As we walked to the other end of the park to see Clay's performance, the fear I didn't want to face began to creep into my thoughts. Would this end too? The word's from an old Neil Young song played quietly in the back of my mind: "Don't let it bring you down. It's only castles burning."
I have seen a lot of castles burn in my life and I have learned to let them go. Except this castle was a particularly beautiful one. I built it during a time when there was nothing there, absolutely nothing, just the darkness of a failed life and love that seeped away into a vicious cruelty that I could not understand. I used the beauty of Clay's voice and built soaring towers that held rooms full of treasures and hidden secrets and it made me strong. With this castle nobody could hurt me and life became liveable again. How could I possibly let it go?

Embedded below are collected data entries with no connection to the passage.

lemma key_out_at:
  assumes "a < n" "b < n"
  shows "fF (out_at a) < fF (out_at b) \<longleftrightarrow> a < b" "fF (out_at a) = fF (out_at b) \<longleftrightarrow> a = b"
  using assms out.key_elem_less_iff out.key_elem_eq_iff by auto

lemma key_out_at_F_inner:
  assumes "x \<in> F_inner" "a < n"
  shows "fF (out_at a) < fF x \<longleftrightarrow> a < out_rank x" "fF (out_at a) \<noteq> fF x"
    "fF x < fF (out_at a) \<longleftrightarrow> out_rank x \<le> a"
  using assms out.key_elem_less_iff_rank out.key_elem_neq out.key_less_elem_iff_rank by auto

lemma key_in_at:
  assumes "a < n" "b < n"
  shows "fS (in_at a) < fS (in_at b) \<longleftrightarrow> a < b" "fS (in_at a) = fS (in_at b) \<longleftrightarrow> a = b"
  using assms inp.key_elem_less_iff inp.key_elem_eq_iff by auto

lemma key_in_at_S_inner:
  assumes "x \<in> S_inner" "a < n"
  shows "fS (in_at a) < fS x \<longleftrightarrow> a < in_rank x" "fS (in_at a) \<noteq> fS x"
    "fS x < fS (in_at a) \<longleftrightarrow> in_rank x \<le> a"
  using assms inp.key_elem_less_iff_rank inp.key_elem_neq inp.key_less_elem_iff_rank by auto


lemma key_first_merge: "e \<in> edges F \<Longrightarrow> key_first (merge e) = (fF e, 0, None)"
  using merge_output merge_F_inner key_first_glued key_first_F out_at_out_rank
  by (cases "e \<in> outputs F") auto

lemma key_second_merge: "e \<in> edges S \<Longrightarrow> key_second (merge e) = (fS e, 1, None)"
  using merge_input merge_S_inner key_second_glued key_second_S in_at_in_rank
  by (cases "e \<in> inputs S") auto

lemma key_first_tie: "x \<in> edges C \<Longrightarrow> snd (snd (key_first x)) = (if x \<in> S_inner then Some (fS x) else None)"
  unfolding key_first_def using F_inner_not_S_inner by auto

lemma key_second_tie: "x \<in> edges C \<Longrightarrow> snd (snd (key_second x)) = (if x \<in> F_inner then Some (fF x) else None)"
  unfolding key_second_def using F_inner_not_S_inner by auto

lemma inj_on_key_first: "inj_on key_first (edges C)"
proof (rule inj_onI)
  fix x y assume x: "x \<in> edges C" and y: "y \<in> edges C" and eq: "key_first x = key_first y"
  show "x = y"
  proof (cases "x \<in> S_inner")
    case True
    then have "y \<in> S_inner" "fS x = fS y"
      using key_first_tie[OF x] key_first_tie[OF y] eq by (auto split: if_splits)
    then show ?thesis using True keyed_order_key_eq_iff[OF keyed_S] by blast
  next
    case False
    then have "y \<notin> S_inner"
      using key_first_tie[OF x] key_first_tie[OF y] eq by (auto split: if_splits)
    then have "x \<in> merge ` edges F" "y \<in> merge ` edges F"
      using False x y unfolding edges_comp image_merge_F by blast+
    then obtain e e' where "e \<in> edges F" "x = merge e" "e' \<in> edges F" "y = merge e'"
      by blast
    then show ?thesis using eq key_first_merge keyed_order_key_eq_iff[OF keyed_F] by auto
  qed
qed

lemma inj_on_key_second: "inj_on key_second (edges C)"
proof (rule inj_onI)
  fix x y assume x: "x \<in> edges C" and y: "y \<in> edges C" and eq: "key_second x = key_second y"
  show "x = y"
  proof (cases "x \<in> F_inner")
    case True
    then have "y \<in> F_inner" "fF x = fF y"
      using key_second_tie[OF x] key_second_tie[OF y] eq by (auto split: if_splits)
    then show ?thesis using True keyed_order_key_eq_iff[OF keyed_F] by blast
  next
    case False
    then have "y \<notin> F_inner"
      using key_second_tie[OF x] key_second_tie[OF y] eq by (auto split: if_splits)
    then have "x \<in> merge ` edges S" "y \<in> merge ` edges S"
      using False x y unfolding edges_comp image_merge_S by blast+
    then obtain e e' where "e \<in> edges S" "x = merge e" "e' \<in> edges S" "y = merge e'"
      by blast
    then show ?thesis using eq key_second_merge keyed_order_key_eq_iff[OF keyed_S] by auto
  qed
qed

lemma rank_pred_less: "x \<in> S_inner \<Longrightarrow> 0 < in_rank x \<Longrightarrow> in_rank x - 1 < n"
  using rnk_le_card[OF inp.finite, of RS x] by simp

context
  assumes S_after_input: "\<forall>z \<in> S_inner. 0 < in_rank z"
begin

lemma comp_order_key_first_F:
  assumes x: "x \<in> F_inner" and y: "y \<in> edges C"
  shows "(x, y) \<in> RC \<longleftrightarrow> key_first x < key_first y"
  using y
proof (cases rule: comp_edge_cases)
  case F
  then show ?thesis using comp_order_F_F[OF x F] out.rank_order_lex x key_first_F
    by (auto simp del: less_prod_simp simp add: less_triple_iff)
next
  case S
  then have r: "in_rank y - 1 < n" "0 < in_rank y" using rank_pred_less S_after_input by auto
  show ?thesis using comp_order_F_S[OF x S] key_first_F[OF x] key_first_S[OF S] key_out_at_F_inner[OF x r(1)] r(2)
    by (auto simp del: less_prod_simp simp add: less_triple_iff)
next
  case (glued k)
  then show ?thesis using comp_order_F_glued[OF x glued(1)] key_first_F[OF x] key_first_glued[OF glued(1)]
      key_out_at_F_inner[OF x glued(1)]
    by (auto simp del: less_prod_simp simp add: less_triple_iff)
qed

lemma comp_order_key_first_S:
  assumes x: "x \<in> S_inner" and y: "y \<in> edges C"
  shows "(x, y) \<in> RC \<longleftrightarrow> key_first x < key_first y"
proof -
  have rx: "in_rank x - 1 < n" "0 < in_rank x" using rank_pred_less x S_after_input by auto
  from y show ?thesis
  proof (cases rule: comp_edge_cases)
    case F
    then show ?thesis using comp_order_S_F[OF x F] key_first_S[OF x] key_first_F[OF F]
        key_out_at_F_inner[OF F rx(1)] rx(2)
      by (auto simp del: less_prod_simp simp add: less_triple_iff)
  next
    case S
    then have ry: "in_rank y - 1 < n" "0 < in_rank y" using rank_pred_less S_after_input by auto
    show ?thesis using comp_order_S_S[OF x S] key_first_S[OF x] key_first_S[OF S]
        key_out_at[OF rx(1) ry(1)] rx ry
      by (auto simp del: less_prod_simp simp add: less_triple_iff)
  next
    case (glued k)
    then show ?thesis using comp_order_S_glued[OF x glued(1)] key_first_S[OF x] key_first_glued[OF glued(1)]
        key_out_at[OF rx(1) glued(1)] rx
      by (auto simp del: less_prod_simp simp add: less_triple_iff)
  qed
qed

As soon as the music started, I realized that my fears were safe for now. The show was brilliant. During this long period of waiting for Clay, the little stinker was learning how to dance. As I watched him, I was thoroughly in awe as I watched his every movement. He channeled the spirit of Elvis and remained completely himself the whole time. He gracefully worked his way into the songs of the different decades and sang them far better than anything I have ever heard. His dancing through the songs was smooth and captivating. Clay still held that wonderful mixture of everything that awakens our imagination: his pureness when he sings the beginning of When Doves Cry in his choir robe, his wicked teasing when he rips the robe off and becomes deliciously sexual, and then that smile at the end because he knows intuitively what he is able to do to us. His voice soared through his masterpieces of singing in Solitaire and Bridge over Troubled Water. He stepped into the background and let Angela and Quiana give their own amazing performances that brought the audience to their feet. Then he stepped back in and gave us a taste of his future with songs that are certain to open some doors to a world which has stubbornly shut off a true artist with their preconceived notions of what deserves air time.

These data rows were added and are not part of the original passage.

lemma smooth_upto_transform_open:
  fixes f :: "real^'n::finite \<Rightarrow> real"
  assumes U: "open U" and f: "smooth_upto k U f" and eq: "\<And>y. y \<in> U \<Longrightarrow> f y = h y"
  shows "smooth_upto k U h"
  unfolding smooth_upto_def
proof (intro allI impI ballI)
  fix ks :: "'n list" and x assume "length ks \<le> k" "x \<in> U"
  then have "pdl ks f differentiable (at x)" using f unfolding smooth_upto_def by blast
  then show "pdl ks h differentiable (at x)"
    by (rule differentiable_transform_open[OF _ U \<open>x \<in> U\<close>]) (rule pdl_transform_open[OF U _ eq])
qed

lemma smooth_upto_const:
  fixes U :: "(real^'n::finite) set"
  shows "smooth_upto k U (\<lambda>x. c)"
proof (induction k arbitrary: c)
  case (Suc k)
  have "pd i (\<lambda>x. c) = (\<lambda>x. 0)" for i :: 'n by (simp add: fun_eq_iff pd_const)
  then show ?case using Suc.IH by (simp add: smooth_upto_Suc)
qed (simp add: smooth_upto_0)

lemma smooth_upto_add:
  assumes U: "open U"
  shows "smooth_upto k U f \<Longrightarrow> smooth_upto k U h \<Longrightarrow> smooth_upto k U (\<lambda>x. f x + h x)"
proof (induction k arbitrary: f h)
  case 0 then show ?case unfolding smooth_upto_0 by (blast intro: differentiable_add)
next
  case (Suc k)
  have d: "\<forall>x\<in>U. f differentiable (at x)" "\<forall>x\<in>U. h differentiable (at x)"
    using Suc.prems unfolding smooth_upto_Suc by blast+
  have "smooth_upto k U (pd i (\<lambda>x. f x + h x))" for i
  proof (rule smooth_upto_transform_open[OF U])
    show "smooth_upto k U (\<lambda>x. pd i f x + pd i h x)"
      using Suc.prems unfolding smooth_upto_Suc by (blast intro: Suc.IH)
    show "pd i f y + pd i h y = pd i (\<lambda>x. f x + h x) y" if "y \<in> U" for y
      using d that by (simp add: pd_add)
  qed
  then show ?case using d unfolding smooth_upto_Suc by (blast intro: differentiable_add)
qed

lemma smooth_upto_minus:
  assumes U: "open U"
  shows "smooth_upto k U f \<Longrightarrow> smooth_upto k U (\<lambda>x. - f x)"
proof (induction k arbitrary: f)
  case 0 then show ?case unfolding smooth_upto_0 by (blast intro: differentiable_minus)
next
  case (Suc k)
  have d: "\<forall>x\<in>U. f differentiable (at x)" using Suc.prems unfolding smooth_upto_Suc by blast
  have "smooth_upto k U (pd i (\<lambda>x. - f x))" for i
  proof (rule smooth_upto_transform_open[OF U])
    show "smooth_upto k U (\<lambda>x. - pd i f x)"
      using Suc.prems unfolding smooth_upto_Suc by (blast intro: Suc.IH)
    show "- pd i f y = pd i (\<lambda>x. - f x) y" if "y \<in> U" for y
      using d that pd_cmult[of f y i "-1"] by simp
  qed
  then show ?case using d unfolding smooth_upto_Suc by (blast intro: differentiable_minus)
qed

Maybe I don't cling to this castle I built as tightly as I did in the past, but it is still there. I no longer desperately need it, but I still learn from it and enjoy the show. I think that in the way that roller coasters helped me to confront some of my fears, Clay helps me to watch the process of defining one's self. I like observing his decisions, choices, contradictions, and conflicts. It's inspiring to see him still growing and developing his skills. He helps me to see that life can become a choice. When we think we are stuck in the darkness of our predefined lives, we can decide to let it go and make our own choices about who we can be and where we can go. When one watches someone who was once defined as being clumsy and awkward brilliantly dance and move across the strange, it serves as a reminder of an old truth. We are never what we thought we were; instead we can choose to be what we know we are when we listen to our own words.
As I drove away from the concert, I realized I was letting something go a little bit. Obsessions do fade. At the same time, I held on. I still want to watch Clay's show. I want to continue listening to his music. I want to see what he chooses and see where he wants to go and continue to hear his beautiful voice. Perhaps I don't need the castle anymore, but I still want in my landscape to be reminded of what happens when we give up our need for safety and control and allow ourselves to fall down that first hill of the roller coaster and make the choice to enjoy the ride. It's good to have music playing in the background reminding us of some secrets and inspiring us to look for more. The castle has not burnt down yet; it just changed somewhat. Clay's too smart to disappear just yet.